I am using locality groups so its a *NEED* to compact tables.... plz explain how can I get rid of suspicious blocks.

Thanks

On 08/05/2015 10:53 AM, mohit.kaushik wrote:
yes, One of my datanode was down because disk was detached for some time and tserver was lost for that node but Its Up and running again.

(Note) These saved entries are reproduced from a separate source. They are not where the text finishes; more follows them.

(* Consider an unreplicated completely randomized design ($N_q=1$ for all $q$, so $Q=N$) with $S(q,q)>0$ for all $q$, and a grouping $\{\langle g\rangle\}_{g=1}^G$. Then for each group, $\mathbb E\{\hat Y_{\langle g\rangle}\}=\overline Y_{\langle g\rangle}$, where $\overline Y_{\langle g\rangle}=|\langle g\rangle|^{-1}\sum_{q\in\langle g\rangle}\overline Y(q)$. If moreover Condition 5 holds, then for every $q$, with $\langle g\rangle$ the group containing $q$, $$\mathbb E\{\hat V_{\hat Y}(q,q)\}\ge S(q,q)+\Omega(q,q)+\mu_{\langle g\rangle}(\overline Y(q)-\overline Y_{\langle g\rangle})^2,$$ where $$\Omega(q,q)=\mu_{\langle g\rangle}|\langle g\rangle|^{-2}\Big(1-\frac{\varrho_{\langle g\rangle}}N-\frac{|\langle g\rangle|-1}N\Big)\sum_{q'\in\langle g\rangle,q'\neq q}S(q',q')\ \ge0.$$
   Context: Randomization model with $N$ units and $Q$ treatment levels; unit $i$ has fixed real potential outcomes $Y_i(1),\dots,Y_i(Q)$. Unreplicated complete randomization: $N_q=1$ for all $q$ and the assignment is a uniformly random bijection between units and levels; $Y_q$ denotes the observed outcome of the unique unit assigned to level $q$. $\overline Y(q)=N^{-1}\sum_iY_i(q)$, $S(q,q')=(N-1)^{-1}\sum_i(Y_i(q)-\overline Y(q))(Y_i(q')-\overline Y(q'))$, and $S^\star(q,q')=S(q,q')/\sqrt{S(q,q)S(q',q')}$. Grouping: a fixed (data-independent) partition $[Q]=\bigcup_{g=1}^G\langle g\rangle$ into disjoint groups with $|\langle g\rangle|\ge2$. For each group, $\hat Y_{\langle g\rangle}=|\langle g\rangle|^{-1}\sum_{q\in\langle g\rangle}Y_q$, $\mu_{\langle g\rangle}=(1-2N^{-1})^{-1}(1-|\langle g\rangle|^{-1})^{-2}$, and for $q\in\langle g\rangle$, $\hat V_{\hat Y}(q,q)=\mu_{\langle g\rangle}(Y_q-\hat Y_{\langle g\rangle})^2$. $\varrho_{\langle g\rangle}$ is the largest eigenvalue of $(S^\star(q,q'))_{q,q'\in\langle g\rangle}$. Condition 5: $N-\varrho_{\langle g\rangle}-(|\langle g\rangle|-1)\ge0$ for all groups. *)

theory Defs
  imports Complex_Main "HOL-Combinatorics.Permutations"
begin

(* Units and treatment levels are both indexed by {..<N} (Q = N).
   Y i q is the potential outcome Y_i(q) of unit i under level q. *)

definition Ybar :: "nat \<Rightarrow> (nat \<Rightarrow> nat \<Rightarrow> real) \<Rightarrow> nat \<Rightarrow> real" where
  "Ybar N Y q = (\<Sum>i<N. Y i q) / real N"

definition Scov :: "nat \<Rightarrow> (nat \<Rightarrow> nat \<Rightarrow> real) \<Rightarrow> nat \<Rightarrow> nat \<Rightarrow> real" where
  "Scov N Y q q' = (\<Sum>i<N. (Y i q - Ybar N Y q) * (Y i q' - Ybar N Y q')) / (real N - 1)"

definition Scorr :: "nat \<Rightarrow> (nat \<Rightarrow> nat \<Rightarrow> real) \<Rightarrow> nat \<Rightarrow> nat \<Rightarrow> real" where
  "Scorr N Y q q' = Scov N Y q q' / sqrt (Scov N Y q q * Scov N Y q' q')"

(* Assignment: sigma q is the unit assigned to level q; sigma is a uniformly
   random permutation of {..<N}. *)
definition obs :: "(nat \<Rightarrow> nat \<Rightarrow> real) \<Rightarrow> (nat \<Rightarrow> nat) \<Rightarrow> nat \<Rightarrow> real" where
  "obs Y \<sigma> q = Y (\<sigma> q) q"

definition Eperm :: "nat \<Rightarrow> ((nat \<Rightarrow> nat) \<Rightarrow> real) \<Rightarrow> real" where
  "Eperm N f = (\<Sum>\<sigma>\<in>{\<sigma>. \<sigma> permutes {..<N}}. f \<sigma>) / fact N"

definition grouping :: "nat \<Rightarrow> nat set set \<Rightarrow> bool" where
  "grouping N P \<longleftrightarrow> \<Union>P = {..<N} \<and> (\<forall>g\<in>P. card g \<ge> 2)
     \<and> (\<forall>g\<in>P. \<forall>h\<in>P. g \<noteq> h \<longrightarrow> g \<inter> h = {})"

definition Yhat_grp :: "(nat \<Rightarrow> nat \<Rightarrow> real) \<Rightarrow> nat set \<Rightarrow> (nat \<Rightarrow> nat) \<Rightarrow> real" where
  "Yhat_grp Y g \<sigma> = (\<Sum>q\<in>g. obs Y \<sigma> q) / real (card g)"

definition Ybar_grp :: "nat \<Rightarrow> (nat \<Rightarrow> nat \<Rightarrow> real) \<Rightarrow> nat set \<Rightarrow> real" where
  "Ybar_grp N Y g = (\<Sum>q\<in>g. Ybar N Y q) / real (card g)"

definition mu_grp :: "nat \<Rightarrow> nat set \<Rightarrow> real" where
  "mu_grp N g = inverse ((1 - 2 / real N) * (1 - 1 / real (card g))^2)"

definition Vhat :: "nat \<Rightarrow> (nat \<Rightarrow> nat \<Rightarrow> real) \<Rightarrow> nat set \<Rightarrow> nat \<Rightarrow> (nat \<Rightarrow> nat) \<Rightarrow> real" where
  "Vhat N Y g q \<sigma> = mu_grp N g * (obs Y \<sigma> q - Yhat_grp Y g \<sigma>)^2"

definition eigenvalues_on :: "nat set \<Rightarrow> (nat \<Rightarrow> nat \<Rightarrow> real) \<Rightarrow> real set" where
  "eigenvalues_on g M = {l. \<exists>v. (\<exists>q\<in>g. v q \<noteq> 0) \<and>
       (\<forall>q\<in>g. (\<Sum>q'\<in>g. M q q' * v q') = l * v q)}"

definition rho_grp :: "nat \<Rightarrow> (nat \<Rightarrow> nat \<Rightarrow> real) \<Rightarrow> nat set \<Rightarrow> real" where
  "rho_grp N Y g = Max (eigenvalues_on g (Scorr N Y))"

definition Omega :: "nat \<Rightarrow> (nat \<Rightarrow> nat \<Rightarrow> real) \<Rightarrow> nat set \<Rightarrow> nat \<Rightarrow> real" where
  "Omega N Y g q = mu_grp N g / real (card g)^2
     * (1 - rho_grp N Y g / real N - (real (card g) - 1) / real N)
     * (\<Sum>q'\<in>g - {q}. Scov N Y q' q')"

definition condition5 :: "nat \<Rightarrow> (nat \<Rightarrow> nat \<Rightarrow> real) \<Rightarrow> nat set set \<Rightarrow> bool" where
  "condition5 N Y P \<longleftrightarrow> (\<forall>g\<in>P. real N - rho_grp N Y g - (real (card g) - 1) \<ge> 0)"

end

theory Submission
  imports Defs "HOL-Analysis.Function_Topology" "HOL-Analysis.Convex"
    "Jordan_Normal_Form.Spectral_Radius"
begin

text \<open>
  With the contrast c = e_q - 1/|g| on g we have obs_q - Yhat_g = \<Sum> c_p obs_p, and the first
  two moments of the uniform permutation give
  E Vhat = mu ((\<Sum> c_p Ybar_p)^2 + \<Sum> c_p^2 S_pp - c' S c / N).
  Splitting c into its q-part and its part on g - {q} bounds c' S c by
  2 (1 - 1/|g|)^2 S_qq + 2 K / |g|^2, where K is the total covariance on g - {q}.
  K is bounded twice: by Cauchy-Schwarz, K \<le> (|g| - 1) \<Sum> S_pp, and by the Rayleigh quotient
  of the correlation matrix at the vector (sqrt S_pp), K \<le> \<rho> \<Sum> S_pp; averaging the two
  bounds produces the factor 1 - \<rho>/N - (|g| - 1)/N of Omega.
  For N = 2 the factor 1 - 2/N in mu vanishes (so mu = inverse 0 = 0 and the bound fails),
  but then Condition 5 cannot hold: the covariance matrix of two units has rank one, so the
  correlation matrix has largest eigenvalue 1 + |r| > 1.
\<close>

section \<open>Rayleigh quotients and the largest eigenvalue\<close>

definition quad_form :: "(nat \<Rightarrow> nat \<Rightarrow> real) \<Rightarrow> nat set \<Rightarrow> (nat \<Rightarrow> real) \<Rightarrow> real" where
  "quad_form M g x = (\<Sum>p\<in>g. x p * (\<Sum>p'\<in>g. M p p' * x p'))"

lemma quad_form_cong:
  assumes "\<And>p. p \<in> g \<Longrightarrow> x p = y p"
  shows "quad_form M g x = quad_form M g y"
  unfolding quad_form_def using assms by (intro sum.cong refl) (auto intro!: sum.cong)

lemma quad_form_scaleR: "quad_form M g (\<lambda>p. c * x p) = c\<^sup>2 * quad_form M g x"
  unfolding quad_form_def power2_eq_square
  by (simp add: sum_distrib_left algebra_simps)

lemma quad_form_add_scaled:
  assumes sym: "\<And>p p'. p \<in> g \<Longrightarrow> p' \<in> g \<Longrightarrow> M p p' = M p' p"
  shows "quad_form M g (\<lambda>p. x p + t * v p)
    = quad_form M g x + 2 * t * (\<Sum>p\<in>g. v p * (\<Sum>p'\<in>g. M p p' * x p')) + t\<^sup>2 * quad_form M g v"
proof -
  have "(\<Sum>p\<in>g. x p * (\<Sum>p'\<in>g. M p p' * v p')) = (\<Sum>p'\<in>g. \<Sum>p\<in>g. x p * M p p' * v p')"
    by (subst sum.swap) (simp add: sum_distrib_left mult.assoc)
  also have "\<dots> = (\<Sum>p\<in>g. v p * (\<Sum>p'\<in>g. M p p' * x p'))"
    using sym by (auto simp: sum_distrib_left algebra_simps intro!: sum.cong)
  finally have cross: "(\<Sum>p\<in>g. x p * (\<Sum>p'\<in>g. M p p' * v p'))
      = (\<Sum>p\<in>g. v p * (\<Sum>p'\<in>g. M p p' * x p'))" .
  have "quad_form M g (\<lambda>p. x p + t * v p) = quad_form M g x
      + t * (\<Sum>p\<in>g. x p * (\<Sum>p'\<in>g. M p p' * v p'))
      + t * (\<Sum>p\<in>g. v p * (\<Sum>p'\<in>g. M p p' * x p')) + t\<^sup>2 * quad_form M g v"
    unfolding quad_form_def power2_eq_square
    by (simp add: algebra_simps sum.distrib sum_distrib_left)
  then show ?thesis unfolding cross by simp
qed

lemma linear_coeff_eq_0_if_quadratic_nonneg:
  fixes a b :: real
  assumes "\<And>t. 0 \<le> 2 * t * a + t\<^sup>2 * b"
  shows "a = 0"
proof (rule ccontr)
  assume a: "a \<noteq> 0"
  define B where "B = \<bar>b\<bar> + 1"
  have B: "B \<ge> 1" unfolding B_def by simp
  define t where "t = - a / B"
  have "0 \<le> 2 * t * a + t\<^sup>2 * b" by (rule assms)
  also have "\<dots> \<le> 2 * t * a + t\<^sup>2 * (B - 1)"
    unfolding B_def by (simp add: mult_left_mono)
  also have "\<dots> = - (a * a * (B + 1) / (B * B))"
    unfolding t_def using B by (simp add: field_simps power2_eq_square)
  also have "\<dots> < 0"
  proof -
    have "0 < a * a" using a by (auto simp: zero_less_mult_iff)
    moreover have "0 < (B + 1) / (B * B)" using B by simp
    ultimately have "0 < a * a * ((B + 1) / (B * B))" by (rule mult_pos_pos)
    then show ?thesis by simp
  qed
  finally show False by simp
qed

lemma finite_eigenvalues_on:
  assumes "finite g"
  shows "finite (eigenvalues_on g M)"
proof -
  define xs where "xs = sorted_list_of_set g"
  define m where "m = length xs"
  define A :: "real mat" where "A = mat m m (\<lambda>(i, j). M (xs ! i) (xs ! j))"
  have A: "A \<in> carrier_mat m m" unfolding A_def by simp
  have setxs: "set xs = g" and "distinct xs" using assms unfolding xs_def by auto
  then have bij: "bij_betw ((!) xs) {..<m} g"
    using bij_betw_nth m_def by fastforce
  have "eigenvalues_on g M \<subseteq> spectrum A"
  proof
    fix l assume "l \<in> eigenvalues_on g M"
    then obtain v where nz: "\<exists>q\<in>g. v q \<noteq> 0"
      and ev: "\<forall>q\<in>g. (\<Sum>q'\<in>g. M q q' * v q') = l * v q"
      unfolding eigenvalues_on_def by blast
    define w where "w = vec m (\<lambda>i. v (xs ! i))"
    obtain i where i: "i < m" "v (xs ! i) \<noteq> 0"
      using nz setxs unfolding m_def by (metis in_set_conv_nth)
    have "w \<noteq> 0\<^sub>v m" using i unfolding w_def by (metis index_vec index_zero_vec(1))
    moreover have "A *\<^sub>v w = l \<cdot>\<^sub>v w"
    proof (rule eq_vecI)
      fix i assume "i < dim_vec (l \<cdot>\<^sub>v w)"
      then have im: "i < m" unfolding w_def by simp
      have "(A *\<^sub>v w) $ i = (\<Sum>j<m. M (xs ! i) (xs ! j) * v (xs ! j))"
        using im A unfolding A_def w_def by (simp add: scalar_prod_def atLeast0LessThan)
      also have "\<dots> = (\<Sum>q'\<in>g. M (xs ! i) q' * v q')"
        using sum.reindex_bij_betw[OF bij, of "\<lambda>q'. M (xs ! i) q' * v q'"] by simp
      also have "\<dots> = l * v (xs ! i)" using ev im setxs m_def by (metis nth_mem)
      finally show "(A *\<^sub>v w) $ i = (l \<cdot>\<^sub>v w) $ i" using im unfolding w_def by simp
    qed (simp add: w_def A_def)
    ultimately have "eigenvector A w l"
      using A unfolding eigenvector_def w_def by auto
    then show "l \<in> spectrum A" unfolding spectrum_def eigenvalue_def by blast
  qed
  then show ?thesis using card_finite_spectrum(1)[OF A] finite_subset by blast
qed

fsck show that the file system is healthy. but with so many msgs reporting under replicated blocks while my replication factor is 3 it shows required is 5.

//user/root/.Trash/Current/accumulo/tables/+r/root_tablet/delete+A0000d29.rf+F0000d28.rf: Under replicated BP-2102462487-192.168.10.124-1436956492274:blk_1073796198_55442. Target Replicas is 5 but found 3 replica(s).///

Thanks & Regards
Mohit Kaushik

On 08/04/2015 09:18 PM, John Vines wrote:
It looks like an hdfs issue. Did a datanode go down? Did you turn replication down to 1? The combination of those two errors would definitely cause the problems your seeing as the latter disables any sort of robustness of the underlying filesystem.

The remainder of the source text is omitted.